TASK REQUIREMENTS
Look through the records below and copy each line that includes the word "where".

+ + + + +

(* Let $p$ be a prime and $q=1/p$. For integers $n\ge1$, $\mu\ge1$, let $P(n,p^\mu)$ be the probability that a random symmetric $n\times n$ matrix over $\mathbf{Z}_{p^\mu}$ has determinant $\not\equiv 0\pmod{p^\mu}$, and extend this by the boundary conditions $P(0,p^\mu)=1$ for $\mu>0$ and $P(n,p^\mu)=0$ for $\mu\le 0$ (all $n\ge 0$). Then for all $n>0$ and $\mu>0$, $$P(n,p^\mu)=(1-q)P(n-1,p^\mu)+q(1-q^{n-1})P(n-2,p^\mu)+q^n(1-q)P(n-1,p^{\mu-1})+q^{n+1}P(n,p^{\mu-2}),$$ where for $n=1$ the second term (whose coefficient $q(1-q^{0})$ vanishes) is taken to be $0$.
   Context: For a positive integer $m$, $\mathbf{Z}_m=\{1,2,\ldots,m\}$ (viewed as residues mod $m$). A random symmetric $n\times n$ matrix over $\mathbf{Z}_m$ is one whose entries $a_{ij}$, $i\le j$, are chosen independently and uniformly from $\mathbf{Z}_m$, with $a_{ji}=a_{ij}$. *)

theory Defs
  imports Complex_Main "Jordan_Normal_Form.Determinant"
begin

text \<open>Symmetric n x n matrices with entries in Z_m = {1,...,m}, represented as
  functions on indices, with entries fixed to 0 outside the n x n range
  (so that the set is in bijection with the actual matrices).\<close>
definition sym_mats :: "nat \<Rightarrow> nat \<Rightarrow> (nat \<Rightarrow> nat \<Rightarrow> int) set" where
  "sym_mats n m = {A. (\<forall>i j. i < n \<and> j < n \<longrightarrow> A i j \<in> {1..int m} \<and> A i j = A j i)
                     \<and> (\<forall>i j. \<not> (i < n \<and> j < n) \<longrightarrow> A i j = 0)}"

definition to_mat :: "nat \<Rightarrow> (nat \<Rightarrow> nat \<Rightarrow> int) \<Rightarrow> int mat" where
  "to_mat n A = mat n n (\<lambda>(i, j). A i j)"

+ + + + +

WORKED SOLUTION
(* Let $p$ be a prime and $q=1/p$. For integers $n\ge1$, $\mu\ge1$, let $P(n,p^\mu)$ be the probability that a random symmetric $n\times n$ matrix over $\mathbf{Z}_{p^\mu}$ has determinant $\not\equiv 0\pmod{p^\mu}$, and extend this by the boundary conditions $P(0,p^\mu)=1$ for $\mu>0$ and $P(n,p^\mu)=0$ for $\mu\le 0$ (all $n\ge 0$). Then for all $n>0$ and $\mu>0$, $$P(n,p^\mu)=(1-q)P(n-1,p^\mu)+q(1-q^{n-1})P(n-2,p^\mu)+q^n(1-q)P(n-1,p^{\mu-1})+q^{n+1}P(n,p^{\mu-2}),$$ where for $n=1$ the second term (whose coefficient $q(1-q^{0})$ vanishes) is taken to be $0$.
definition sym_mats :: "nat \<Rightarrow> nat \<Rightarrow> (nat \<Rightarrow> nat \<Rightarrow> int) set" where
definition to_mat :: "nat \<Rightarrow> (nat \<Rightarrow> nat \<Rightarrow> int) \<Rightarrow> int mat" where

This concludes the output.